Collected data entries:
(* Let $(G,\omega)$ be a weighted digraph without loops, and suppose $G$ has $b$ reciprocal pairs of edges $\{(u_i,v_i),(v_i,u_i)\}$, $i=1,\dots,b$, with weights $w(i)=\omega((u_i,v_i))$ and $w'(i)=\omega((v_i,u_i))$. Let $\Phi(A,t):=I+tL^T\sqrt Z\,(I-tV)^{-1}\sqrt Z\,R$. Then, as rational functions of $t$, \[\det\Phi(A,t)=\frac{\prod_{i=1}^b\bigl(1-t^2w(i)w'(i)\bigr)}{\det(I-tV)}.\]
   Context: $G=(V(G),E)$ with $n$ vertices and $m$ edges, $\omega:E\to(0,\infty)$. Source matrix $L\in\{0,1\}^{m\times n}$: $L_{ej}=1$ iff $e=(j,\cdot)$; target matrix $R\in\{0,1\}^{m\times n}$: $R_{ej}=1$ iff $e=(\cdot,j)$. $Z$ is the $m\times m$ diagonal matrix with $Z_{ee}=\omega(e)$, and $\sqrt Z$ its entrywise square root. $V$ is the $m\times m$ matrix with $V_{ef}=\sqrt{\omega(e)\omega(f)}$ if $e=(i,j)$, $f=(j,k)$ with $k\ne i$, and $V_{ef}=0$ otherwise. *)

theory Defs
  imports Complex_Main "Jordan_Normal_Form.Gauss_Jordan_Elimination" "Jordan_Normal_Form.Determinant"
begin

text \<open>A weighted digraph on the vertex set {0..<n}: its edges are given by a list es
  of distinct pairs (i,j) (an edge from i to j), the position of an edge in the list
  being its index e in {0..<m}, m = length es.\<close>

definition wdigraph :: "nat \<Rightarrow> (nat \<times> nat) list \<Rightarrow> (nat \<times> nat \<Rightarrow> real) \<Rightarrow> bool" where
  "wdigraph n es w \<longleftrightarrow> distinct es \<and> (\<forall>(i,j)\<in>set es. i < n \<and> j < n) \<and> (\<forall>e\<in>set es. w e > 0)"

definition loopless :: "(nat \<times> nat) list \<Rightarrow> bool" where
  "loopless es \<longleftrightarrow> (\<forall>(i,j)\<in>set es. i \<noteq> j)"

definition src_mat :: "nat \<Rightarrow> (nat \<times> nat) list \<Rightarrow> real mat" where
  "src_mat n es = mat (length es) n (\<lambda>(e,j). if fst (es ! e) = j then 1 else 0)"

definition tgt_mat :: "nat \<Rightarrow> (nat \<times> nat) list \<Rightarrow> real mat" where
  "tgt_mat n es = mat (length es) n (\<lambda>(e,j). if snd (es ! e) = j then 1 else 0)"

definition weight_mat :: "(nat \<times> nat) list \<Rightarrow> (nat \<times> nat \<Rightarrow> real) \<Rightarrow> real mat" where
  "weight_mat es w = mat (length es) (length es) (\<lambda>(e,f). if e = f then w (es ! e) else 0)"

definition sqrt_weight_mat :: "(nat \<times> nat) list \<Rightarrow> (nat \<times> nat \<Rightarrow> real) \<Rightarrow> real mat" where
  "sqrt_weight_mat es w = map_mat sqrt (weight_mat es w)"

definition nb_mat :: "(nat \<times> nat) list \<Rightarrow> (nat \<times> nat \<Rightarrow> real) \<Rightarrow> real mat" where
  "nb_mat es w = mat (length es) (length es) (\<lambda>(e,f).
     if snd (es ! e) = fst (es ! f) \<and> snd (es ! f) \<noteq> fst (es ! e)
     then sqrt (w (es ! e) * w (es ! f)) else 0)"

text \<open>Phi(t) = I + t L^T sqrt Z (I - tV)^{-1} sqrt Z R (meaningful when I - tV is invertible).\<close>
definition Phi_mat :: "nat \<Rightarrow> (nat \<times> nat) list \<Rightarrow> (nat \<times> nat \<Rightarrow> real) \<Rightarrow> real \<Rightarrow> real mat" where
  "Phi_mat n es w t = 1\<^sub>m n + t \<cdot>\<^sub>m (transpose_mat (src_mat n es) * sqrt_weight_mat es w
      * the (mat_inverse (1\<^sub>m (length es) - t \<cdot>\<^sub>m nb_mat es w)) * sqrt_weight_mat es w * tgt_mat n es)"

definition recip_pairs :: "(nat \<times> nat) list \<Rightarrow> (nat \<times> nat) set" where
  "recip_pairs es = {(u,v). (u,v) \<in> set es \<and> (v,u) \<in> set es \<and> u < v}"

_Task_. Repeat the data verbatim.

_Result of this exercise_.
(* Let $(G,\omega)$ be a weighted digraph without loops, and suppose $G$ has $b$ reciprocal pairs of edges $\{(u_i,v_i),(v_i,u_i)\}$, $i=1,\dots,b$, with weights $w(i)=\omega((u_i,v_i))$ and $w'(i)=\omega((v_i,u_i))$. Let $\Phi(A,t):=I+tL^T\sqrt Z\,(I-tV)^{-1}\sqrt Z\,R$. Then, as rational functions of $t$, \[\det\Phi(A,t)=\frac{\prod_{i=1}^b\bigl(1-t^2w(i)w'(i)\bigr)}{\det(I-tV)}.\]
   Context: $G=(V(G),E)$ with $n$ vertices and $m$ edges, $\omega:E\to(0,\infty)$. Source matrix $L\in\{0,1\}^{m\times n}$: $L_{ej}=1$ iff $e=(j,\cdot)$; target matrix $R\in\{0,1\}^{m\times n}$: $R_{ej}=1$ iff $e=(\cdot,j)$. $Z$ is the $m\times m$ diagonal matrix with $Z_{ee}=\omega(e)$, and $\sqrt Z$ its entrywise square root. $V$ is the $m\times m$ matrix with $V_{ef}=\sqrt{\omega(e)\omega(f)}$ if $e=(i,j)$, $f=(j,k)$ with $k\ne i$, and $V_{ef}=0$ otherwise. *)

theory Defs
  imports Complex_Main "Jordan_Normal_Form.Gauss_Jordan_Elimination" "Jordan_Normal_Form.Determinant"
begin

text \<open>A weighted digraph on the vertex set {0..<n}: its edges are given by a list es
  of distinct pairs (i,j) (an edge from i to j), the position of an edge in the list
  being its index e in {0..<m}, m = length es.\<close>

definition wdigraph :: "nat \<Rightarrow> (nat \<times> nat) list \<Rightarrow> (nat \<times> nat \<Rightarrow> real) \<Rightarrow> bool" where
  "wdigraph n es w \<longleftrightarrow> distinct es \<and> (\<forall>(i,j)\<in>set es. i < n \<and> j < n) \<and> (\<forall>e\<in>set es. w e > 0)"

definition loopless :: "(nat \<times> nat) list \<Rightarrow> bool" where
  "loopless es \<longleftrightarrow> (\<forall>(i,j)\<in>set es. i \<noteq> j)"

definition src_mat :: "nat \<Rightarrow> (nat \<times> nat) list \<Rightarrow> real mat" where
  "src_mat n es = mat (length es) n (\<lambda>(e,j). if fst (es ! e) = j then 1 else 0)"

definition tgt_mat :: "nat \<Rightarrow> (nat \<times> nat) list \<Rightarrow> real mat" where
  "tgt_mat n es = mat (length es) n (\<lambda>(e,j). if snd (es ! e) = j then 1 else 0)"

definition weight_mat :: "(nat \<times> nat) list \<Rightarrow> (nat \<times> nat \<Rightarrow> real) \<Rightarrow> real mat" where
  "weight_mat es w = mat (length es) (length es) (\<lambda>(e,f). if e = f then w (es ! e) else 0)"

definition sqrt_weight_mat :: "(nat \<times> nat) list \<Rightarrow> (nat \<times> nat \<Rightarrow> real) \<Rightarrow> real mat" where
  "sqrt_weight_mat es w = map_mat sqrt (weight_mat es w)"

definition nb_mat :: "(nat \<times> nat) list \<Rightarrow> (nat \<times> nat \<Rightarrow> real) \<Rightarrow> real mat" where
  "nb_mat es w = mat (length es) (length es) (\<lambda>(e,f).
     if snd (es ! e) = fst (es ! f) \<and> snd (es ! f) \<noteq> fst (es ! e)
     then sqrt (w (es ! e) * w (es ! f)) else 0)"

text \<open>Phi(t) = I + t L^T sqrt Z (I - tV)^{-1} sqrt Z R (meaningful when I - tV is invertible).\<close>
definition Phi_mat :: "nat \<Rightarrow> (nat \<times> nat) list \<Rightarrow> (nat \<times> nat \<Rightarrow> real) \<Rightarrow> real \<Rightarrow> real mat" where
  "Phi_mat n es w t = 1\<^sub>m n + t \<cdot>\<^sub>m (transpose_mat (src_mat n es) * sqrt_weight_mat es w
      * the (mat_inverse (1\<^sub>m (length es) - t \<cdot>\<^sub>m nb_mat es w)) * sqrt_weight_mat es w * tgt_mat n es)"

definition recip_pairs :: "(nat \<times> nat) list \<Rightarrow> (nat \<times> nat) set" where
  "recip_pairs es = {(u,v). (u,v) \<in> set es \<and> (v,u) \<in> set es \<and> u < v}"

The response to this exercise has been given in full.